Open WebUI is stronger when you want a browser-based interface, user management, RAG-style document chat, multiple providers, and self-hosted team workflows. It still needs careful configuration, especially if exposed beyond your own machine.
OpenHuman is different. It is more about a personal assistant layer with memory, integrations, personality, and workflow context. That can be powerful, but it also means the privacy review is more complex.
Questions to ask before connecting real accounts
Before granting OpenHuman access to email, calendar, documents, chat, repositories, or work tools, ask:
- What exact OAuth scopes does this integration request?
- Can I disconnect it from inside OpenHuman?
- Can I revoke it from the third-party account's security page?
- What data is imported into local memory?
- Are summaries or embeddings generated locally or through a backend?
- Does auto-fetch run continuously?
- Are logs safe to keep?
- What happens to local memory if I disconnect the source?
- Can I delete local memory and vault files if I need to?
The privacy risk is not only the initial connection. It is the ongoing sync, summary, retrieval, and memory behavior after the connection is active.
Red flags
Be cautious if:
- You cannot confirm the download source.
- The release notes mention a serious issue you do not understand.
- You do not know whether your model calls are local or cloud-routed.
- The app asks for broad account access before you have tested it.
- You plan to connect sensitive work accounts on day one.

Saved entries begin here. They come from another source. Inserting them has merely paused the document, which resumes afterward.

(* Let $P,Q$ be probability mass functions supported on $\{1,\dots,n\}$ (all masses positive) with $P\prec Q$. Let $f:(0,\infty)\to\mathbb R$ be convex and twice differentiable with $f(1)=0$, and let $q_{\max},q_{\min}$ be the maximal and minimal masses of $Q$. Then: (a) $$n\,e_f(nq_{\min},nq_{\max})(\|Q\|_2^2-\|P\|_2^2)\ge D_f(Q\|U_n)-D_f(P\|U_n)\ge n\,c_f(nq_{\min},nq_{\max})(\|Q\|_2^2-\|P\|_2^2)\ge0,$$ with equalities in the first two inequalities if $D_f=\chi^2$. (b) If moreover $q_{\max}/q_{\min}\le\rho$ for some $\rho\ge1$, then $0\le\|Q\|_2^2-\|P\|_2^2\le\frac{(\rho-1)^2}{4\rho n}$.
   Context: $U_n$ is the uniform distribution on $\{1,\dots,n\}$; $\|\cdot\|_2$ is the Euclidean norm of the probability vector. $P\prec Q$ ($P$ is majorized by $Q$) means that for each $k$, the sum of the $k$ largest masses of $P$ is at most that of $Q$. $D_f(P\|Q)=\sum_xQ(x)f(P(x)/Q(x))$; $\chi^2$ corresponds to $f(t)=(t-1)^2$. With $\mathcal I(\xi_1,\xi_2)=[\xi_1,\xi_2]\cap(0,\infty)$: $c_f(\xi_1,\xi_2)=\tfrac12\inf_{t\in\mathcal I}f''(t)$, $e_f(\xi_1,\xi_2)=\tfrac12\sup_{t\in\mathcal I}f''(t)$. *)

theory Defs
  imports "HOL-Analysis.Analysis" "HOL-Library.Extended_Real"
begin

definition pmf_on :: "nat \<Rightarrow> (nat \<Rightarrow> real) \<Rightarrow> bool" where
  "pmf_on n P \<longleftrightarrow> (\<forall>i\<in>{1..n}. P i > 0) \<and> (\<Sum>i=1..n. P i) = 1"

definition top_sum :: "nat \<Rightarrow> (nat \<Rightarrow> real) \<Rightarrow> nat \<Rightarrow> real" where
  "top_sum n P k = Max {sum P S | S. S \<subseteq> {1..n} \<and> card S = k}"

definition majorized :: "nat \<Rightarrow> (nat \<Rightarrow> real) \<Rightarrow> (nat \<Rightarrow> real) \<Rightarrow> bool" where
  "majorized n P Q \<longleftrightarrow> (\<forall>k\<in>{1..n}. top_sum n P k \<le> top_sum n Q k)"

definition sqnorm :: "nat \<Rightarrow> (nat \<Rightarrow> real) \<Rightarrow> real" where
  "sqnorm n P = (\<Sum>i=1..n. (P i)\<^sup>2)"

definition fdiv :: "(real \<Rightarrow> real) \<Rightarrow> nat \<Rightarrow> (nat \<Rightarrow> real) \<Rightarrow> (nat \<Rightarrow> real) \<Rightarrow> real" where
  "fdiv f n P Q = (\<Sum>i=1..n. Q i * f (P i / Q i))"

definition unif :: "nat \<Rightarrow> nat \<Rightarrow> real" where
  "unif n = (\<lambda>i. 1 / real n)"

definition Iset :: "real \<Rightarrow> real \<Rightarrow> real set" where
  "Iset \<xi>1 \<xi>2 = {\<xi>1..\<xi>2} \<inter> {0<..}"

text \<open>c_f and e_f, valued in the extended reals (the supremum of f'' may be infinite).\<close>
definition c_f :: "(real \<Rightarrow> real) \<Rightarrow> real \<Rightarrow> real \<Rightarrow> ereal" where
  "c_f f \<xi>1 \<xi>2 = ereal (1/2) * (INF t\<in>Iset \<xi>1 \<xi>2. ereal (deriv (deriv f) t))"

definition e_f :: "(real \<Rightarrow> real) \<Rightarrow> real \<Rightarrow> real \<Rightarrow> ereal" where
  "e_f f \<xi>1 \<xi>2 = ereal (1/2) * (SUP t\<in>Iset \<xi>1 \<xi>2. ereal (deriv (deriv f) t))"

end

theory Submission imports Defs begin

(* Sort Q and P decreasingly and scale by n: x i = n Q(\<sigma> i), y i = n P(\<tau> i). Majorization of P by Q
   makes y a decreasing vector majorized by x, and all entries of x and y lie in [n qmin, n qmax]. Both
   gaps become sums over x and y: \<parallel>Q\<parallel>\<^sup>2 - \<parallel>P\<parallel>\<^sup>2 = \<Sum>(x\<^sup>2 - y\<^sup>2)/n\<^sup>2 and D_f(Q\<parallel>U) - D_f(P\<parallel>U) = \<Sum>(f x - f y)/n.
   Karamata's inequality (tangent lines at the y i combined with Abel summation) applied to the convex
   functions f - c t\<^sup>2/2 and e t\<^sup>2/2 - f, where c \<le> f'' \<le> e on [n qmin, n qmax], gives (a); for \<chi>\<^sup>2 we have
   f'' = 2 and the two sums coincide. For (b), \<parallel>P\<parallel>\<^sup>2 \<ge> 1/n and \<Sum>(Q i - qmin)(qmax - Q i) \<ge> 0 give
   \<parallel>Q\<parallel>\<^sup>2 - \<parallel>P\<parallel>\<^sup>2 \<le> (1 - n qmin)(n qmax - 1)/n, and this product is at most (\<rho>-1)\<^sup>2/(4\<rho>) when qmax \<le> \<rho> qmin. *)

lemma Abel_summation_nonneg:
  fixes w d :: "nat \<Rightarrow> real"
  assumes antitone: "\<And>i. 1 \<le> i \<Longrightarrow> i < n \<Longrightarrow> w (Suc i) \<le> w i"
    and partial_sums: "\<And>m. m \<le> n \<Longrightarrow> 0 \<le> (\<Sum>i=1..m. d i)"
    and total: "(\<Sum>i=1..n. d i) = 0"
  shows "0 \<le> (\<Sum>i=1..n. w i * d i)"
proof -
  have "w m * (\<Sum>i=1..m. d i) \<le> (\<Sum>i=1..m. w i * d i)" if "m \<le> n" for m
    using that
  proof (induction m)
    case (Suc m)
    show ?case
    proof (cases "m = 0")
      case False
      have "w (Suc m) * (\<Sum>i=1..m. d i) \<le> w m * (\<Sum>i=1..m. d i)"
        using antitone[of m] partial_sums[of m] False Suc.prems by (intro mult_right_mono) auto
      then show ?thesis
        using Suc by (simp add: distrib_left)
    qed simp
  qed simp
  from this[of n] show ?thesis
    using total by simp
qed

lemma convex_on_deriv_mono:
  fixes f :: "real \<Rightarrow> real"
  assumes convex: "convex_on S f" and "open S" and "u \<in> S" "v \<in> S"
    and deriv: "\<And>x. x \<in> S \<Longrightarrow> (f has_real_derivative f' x) (at x)"
  shows "0 \<le> (f' v - f' u) * (v - u)"
proof -
  have tangent: "f' c * (x - c) \<le> f x - f c" if "c \<in> S" "x \<in> S" for c x
  proof (rule convex_on_imp_above_tangent[OF convex])
    show "connected S"
      using convex by (simp add: convex_connected convex_on_imp_convex)
    show "(f has_real_derivative f' c) (at c within S)"
      using deriv[OF \<open>c \<in> S\<close>] by (rule has_field_derivative_at_within)
  qed (use that \<open>open S\<close> in \<open>simp_all add: interior_open\<close>)
  show ?thesis
    using tangent[of u v] tangent[of v u] assms by (simp add: algebra_simps)
qed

- You are relying on old screenshots or old install commands.
- You need guaranteed offline behavior.
- You cannot explain how to revoke access later.
Bottom line
OpenHuman has real local-first elements, especially around memory and vault-style knowledge storage, but it is not automatically a fully offline private AI assistant. Treat privacy as a setup-specific checklist. Verify the source, start with test data, inspect local and managed routes, enable local AI deliberately, and connect accounts only after you understand the data flow.